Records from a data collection

--*--

interpretation matrix_mult:
  bounded_bilinear "(**) :: complex ^ 'm ^ 'n \<Rightarrow> complex ^ 'p ^ 'm \<Rightarrow> complex ^ 'p ^ 'n"
proof -
  have "bilinear ((**) :: complex ^ 'm ^ 'n \<Rightarrow> complex ^ 'p ^ 'm \<Rightarrow> complex ^ 'p ^ 'n)"
    unfolding bilinear_def
    by (auto intro!: linearI simp: matrix_add_ldistrib matrix_scalar_ac scalar_matrix_assoc[symmetric])
      (simp add: vec_eq_iff matrix_matrix_mult_def sum.distrib distrib_right)
  then show "bounded_bilinear ((**) :: complex ^ 'm ^ 'n \<Rightarrow> complex ^ 'p ^ 'm \<Rightarrow> complex ^ 'p ^ 'n)"
    by (rule bilinear_conv_bounded_bilinear[THEN iffD1])
qed

lemma csmult_of_real [simp]: "complex_of_real r *\<^sub>c A = r *\<^sub>R A"
  by (simp add: csmult_def vec_eq_iff scaleR_conv_of_real[where 'a=complex])

lemma csmult_mult_of_real [simp]: "(c * complex_of_real r) *\<^sub>c A = r *\<^sub>R (c *\<^sub>c A)"
  by (simp add: csmult_def vec_eq_iff scaleR_conv_of_real[where 'a=complex])

lemma csmult_one [simp]: "1 *\<^sub>c A = A"
  by (simp add: csmult_def vec_eq_iff)

lemma csmult_uminus [simp]: "(- c) *\<^sub>c A = - (c *\<^sub>c A)"
  by (simp add: csmult_def vec_eq_iff)

lemma csmult_csmult [simp]: "c *\<^sub>c (d *\<^sub>c A) = (c * d) *\<^sub>c A"
  by (simp add: csmult_def vec_eq_iff)

lemma csmult_add_right: "c *\<^sub>c (A + B) = c *\<^sub>c A + c *\<^sub>c B"
  by (simp add: csmult_def vec_eq_iff algebra_simps)

lemma csmult_diff_right: "c *\<^sub>c (A - B) = c *\<^sub>c A - c *\<^sub>c B"
  by (simp add: csmult_def vec_eq_iff algebra_simps)

lemma csmult_scaleR_right: "c *\<^sub>c (r *\<^sub>R A) = r *\<^sub>R (c *\<^sub>c A)"
  by (simp add: csmult_def vec_eq_iff scaleR_conv_of_real[where 'a=complex])

lemma csmult_matrix_mult_left: "c *\<^sub>c (A ** B) = (c *\<^sub>c A) ** B"
  by (simp add: csmult_def vec_eq_iff matrix_matrix_mult_def sum_distrib_left mult.assoc)

lemma csmult_matrix_mult_right: "c *\<^sub>c (A ** B) = A ** (c *\<^sub>c B)"
  by (simp add: csmult_def vec_eq_iff matrix_matrix_mult_def sum_distrib_left mult.left_commute)

lemma commut_csmult: "commut (c *\<^sub>c A) (d *\<^sub>c B) = (c * d) *\<^sub>c commut A B"
  by (simp add: commut_def csmult_diff_right csmult_matrix_mult_left csmult_matrix_mult_right[symmetric]
      mult.commute[of d])

lemma commut_i_csmult: "commut (\<i> *\<^sub>c A) (\<i> *\<^sub>c B) = commut B A"
  by (simp add: commut_csmult) (simp add: commut_def)

definition mat_adjoint :: "complex ^ 'm ^ 'n \<Rightarrow> complex ^ 'n ^ 'm" where
  "mat_adjoint A = (\<chi> i j. cnj (A $ j $ i))"

lemma mat_adjoint_matrix_mult: "mat_adjoint (A ** B) = mat_adjoint B ** mat_adjoint A"
  by (simp add: mat_adjoint_def vec_eq_iff matrix_matrix_mult_def mult.commute)

lemma mat_adjoint_mat_one [simp]: "mat_adjoint (mat 1) = mat 1"
  by (simp add: mat_adjoint_def vec_eq_iff mat_def)

lemma mat_adjoint_add [simp]: "mat_adjoint (A + B) = mat_adjoint A + mat_adjoint B"
  by (simp add: mat_adjoint_def vec_eq_iff)

lemma mat_adjoint_uminus [simp]: "mat_adjoint (- A) = - mat_adjoint A"
  by (simp add: mat_adjoint_def vec_eq_iff)

lemma mat_adjoint_diff [simp]: "mat_adjoint (A - B) = mat_adjoint A - mat_adjoint B"
  by (simp add: mat_adjoint_def vec_eq_iff)

lemma mat_adjoint_scaleR [simp]: "mat_adjoint (r *\<^sub>R A) = r *\<^sub>R mat_adjoint A"
  by (simp add: mat_adjoint_def vec_eq_iff scaleR_conv_of_real[where 'a=complex])

lemma mat_adjoint_csmult [simp]: "mat_adjoint (c *\<^sub>c A) = cnj c *\<^sub>c mat_adjoint A"
  by (simp add: mat_adjoint_def vec_eq_iff csmult_def)

lemma bounded_linear_mat_adjoint: "bounded_linear mat_adjoint"
  by (rule linear_conv_bounded_linear[THEN iffD1]) (simp add: linear_iff)

lemma hermitian_iff_mat_adjoint: "hermitian H \<longleftrightarrow> mat_adjoint H = H"
  unfolding hermitian_def mat_adjoint_def vec_eq_iff by (auto simp: eq_commute)

lemma has_vector_derivative_series:
  fixes f f' :: "nat \<Rightarrow> real \<Rightarrow> 'a::banach"
  assumes "convex S" "open S" "x \<in> S"
    and f': "\<And>n y. y \<in> S \<Longrightarrow> (f n has_vector_derivative f' n y) (at y)"
    and unif: "uniform_limit S (\<lambda>n y. \<Sum>i<n. f' i y) g' sequentially"
    and summable: "\<And>y. y \<in> S \<Longrightarrow> summable (\<lambda>n. f n y)"
  shows "((\<lambda>y. \<Sum>n. f n y) has_vector_derivative g' x) (at x)"
proof -
  have "\<exists>g. \<forall>y\<in>S. (\<lambda>n. f n y) sums g y \<and> (g has_derivative (\<lambda>h. h *\<^sub>R g' y)) (at y within S)"
  proof (rule has_derivative_series[OF \<open>convex S\<close> _ _ \<open>x \<in> S\<close>])
    show "(f n has_derivative (\<lambda>h. h *\<^sub>R f' n y)) (at y within S)" if "y \<in> S" for n y
      using f'[OF that] by (simp add: has_vector_derivative_def has_derivative_at_withinI)
    show "(\<lambda>n. f n x) sums (\<Sum>n. f n x)"
      using summable[OF \<open>x \<in> S\<close>] by (rule summable_sums)
    fix e :: real assume "e > 0"
    with unif have "\<forall>\<^sub>F n in sequentially. \<forall>y\<in>S. norm ((\<Sum>i<n. f' i y) - g' y) < e"
      by (simp add: uniform_limit_iff dist_norm)
    then show "\<forall>\<^sub>F n in sequentially. \<forall>y\<in>S. \<forall>h. norm ((\<Sum>i<n. h *\<^sub>R f' i y) - h *\<^sub>R g' y) \<le> e * norm h"
    proof eventually_elim
      case (elim n)
      have "norm ((\<Sum>i<n. h *\<^sub>R f' i y) - h *\<^sub>R g' y) = \<bar>h\<bar> * norm ((\<Sum>i<n. f' i y) - g' y)"
        for y h by (simp add: scaleR_sum_right[symmetric] scaleR_diff_right[symmetric])
      with elim show ?case
        by (metis abs_ge_zero less_imp_le mult.commute mult_left_mono real_norm_def)
    qed
  qed
  then obtain g where g: "\<And>y. y \<in> S \<Longrightarrow> (\<lambda>n. f n y) sums g y"
    and g': "(g has_derivative (\<lambda>h. h *\<^sub>R g' x)) (at x)"
    using at_within_open[OF \<open>x \<in> S\<close> \<open>open S\<close>] \<open>x \<in> S\<close> by metis
  show ?thesis
    unfolding has_vector_derivative_def
    by (rule has_derivative_transform_within_open[OF g' \<open>open S\<close> \<open>x \<in> S\<close>])
      (metis g sums_unique)
qed

lemma power_series_has_vector_derivative:
  fixes c :: "nat \<Rightarrow> 'a::banach"
  assumes conv: "\<And>r. summable (\<lambda>k. r ^ k * norm (c k))"
  shows "((\<lambda>t. \<Sum>k. t ^ k *\<^sub>R c k) has_vector_derivative (\<Sum>k. (real (Suc k) * x ^ k) *\<^sub>R c (Suc k))) (at x)"
proof -
  define S where "S = ball x 1"
  define R where "R = \<bar>x\<bar> + 1"
  define f' where "f' n y = (real n * y ^ (n - 1)) *\<^sub>R c n" for n y
  define M where "M n = real n * R ^ (n - 1) * norm (c n)" for n
  have f'_bound: "norm (f' n y) \<le> M n" if "y \<in> S" for n y
  proof -
    have "\<bar>y\<bar> \<le> R" using that by (auto simp: S_def R_def dist_real_def)
    then show ?thesis
      by (auto simp: f'_def M_def abs_mult power_abs intro!: mult_right_mono mult_left_mono power_mono)
  qed
  have "summable (\<lambda>n. diffs (\<lambda>k. norm (c k)) n * R ^ n)"
    by (rule termdiff_converges_all) (use conv in \<open>simp add: mult.commute\<close>)
  then have "summable (\<lambda>n. M (Suc n))"
    by (simp add: diffs_def M_def mult_ac)
  then have M: "summable M"
    by (rule summable_Suc_iff[THEN iffD1])
  have "((\<lambda>t. \<Sum>k. t ^ k *\<^sub>R c k) has_vector_derivative (\<Sum>n. f' n x)) (at x)"
  proof (rule has_vector_derivative_series)
    show "((\<lambda>t. t ^ n *\<^sub>R c n) has_vector_derivative f' n y) (at y)" for n y
      unfolding f'_def by (auto intro!: derivative_eq_intros)
    show "uniform_limit S (\<lambda>n y. \<Sum>i<n. f' i y) (\<lambda>y. \<Sum>n. f' n y) sequentially"
      by (rule Weierstrass_m_test[OF f'_bound M])
    show "summable (\<lambda>n. y ^ n *\<^sub>R c n)" for y
      by (rule summable_norm_cancel, rule summable_comparison_test'[OF conv[of "\<bar>y\<bar>"]])
        (simp add: power_abs)
  qed (auto simp: S_def)
  moreover have "(\<Sum>n. f' n x) = (\<Sum>k. (real (Suc k) * x ^ k) *\<^sub>R c (Suc k))"
  proof -
    have "summable (\<lambda>n. f' n x)"
      by (rule summable_comparison_test'[OF M]) (auto simp: S_def intro: f'_bound)
    from suminf_split_head[OF this] show ?thesis
      by (simp add: f'_def)
  qed
  ultimately show ?thesis by simp
qed

lemma mpow_scaleR: "mpow (t *\<^sub>R A) k = t ^ k *\<^sub>R mpow A k"
  by (induction k) (simp_all add: matrix_scalar_ac scalar_matrix_assoc[symmetric])

lemma mpow_commute: "A ** B = B ** A \<Longrightarrow> A ** mpow B k = mpow B k ** A"
  by (induction k) (simp_all add: matrix_mul_assoc, metis matrix_mul_assoc)

lemma norm_mpow_le:
  fixes A :: "'n::finite cmat"
  obtains C L where "0 \<le> C" "0 \<le> L" "\<And>k. norm (mpow A k) \<le> C * L ^ k"
proof -
  obtain K where K: "K > 0" "\<And>(X :: 'n cmat) (Y :: 'n cmat). norm (X ** Y) \<le> norm X * norm Y * K"
    using matrix_mult.pos_bounded by blast
  have "norm (mpow A k) \<le> norm (mat 1 :: 'n cmat) * (K * norm A) ^ k" for k
  proof (induction k)
    case (Suc k)
    have "norm (mpow A (Suc k)) \<le> norm A * norm (mpow A k) * K"
      using K(2)[of A "mpow A k"] by simp
    also have "\<dots> \<le> norm A * (norm (mat 1 :: 'n cmat) * (K * norm A) ^ k) * K"
      using Suc K(1) by (intro mult_right_mono mult_left_mono) auto
    finally show ?case by (simp add: algebra_simps)
  qed simp
  with K(1) show ?thesis
    by (intro that[of "norm (mat 1 :: 'n cmat)" "K * norm A"]) auto
qed

lemma summable_norm_mexp_series: "summable (\<lambda>k. r ^ k * norm ((1 / fact k) *\<^sub>R mpow A k))"
proof -
  obtain C L where CL: "0 \<le> C" "0 \<le> L" "\<And>k. norm (mpow A k) \<le> C * L ^ k"
    using norm_mpow_le by blast
  have "norm (r ^ k * norm ((1 / fact k) *\<^sub>R mpow A k)) \<le> C * (inverse (fact k) * (\<bar>r\<bar> * L) ^ k)" for k
  proof -
    have "norm (r ^ k * norm ((1 / fact k) *\<^sub>R mpow A k)) = \<bar>r\<bar> ^ k / fact k * norm (mpow A k)"
      by (simp add: abs_mult power_abs)
    also have "\<dots> \<le> \<bar>r\<bar> ^ k / fact k * (C * L ^ k)"
      by (intro mult_left_mono CL) auto
    finally show ?thesis
      by (simp add: field_simps power_mult_distrib)
  qed
  then show ?thesis
    by (rule summable_comparison_test'[OF summable_mult[OF summable_exp]])
qed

--*--

What this task involves | All lines of the records above that contain the word "define" are to be copied out.

Worked solution |
  define S where "S = ball x 1"
  define R where "R = \<bar>x\<bar> + 1"
  define f' where "f' n y = (real n * y ^ (n - 1)) *\<^sub>R c n" for n y
  define M where "M n = real n * R ^ (n - 1) * norm (c n)" for n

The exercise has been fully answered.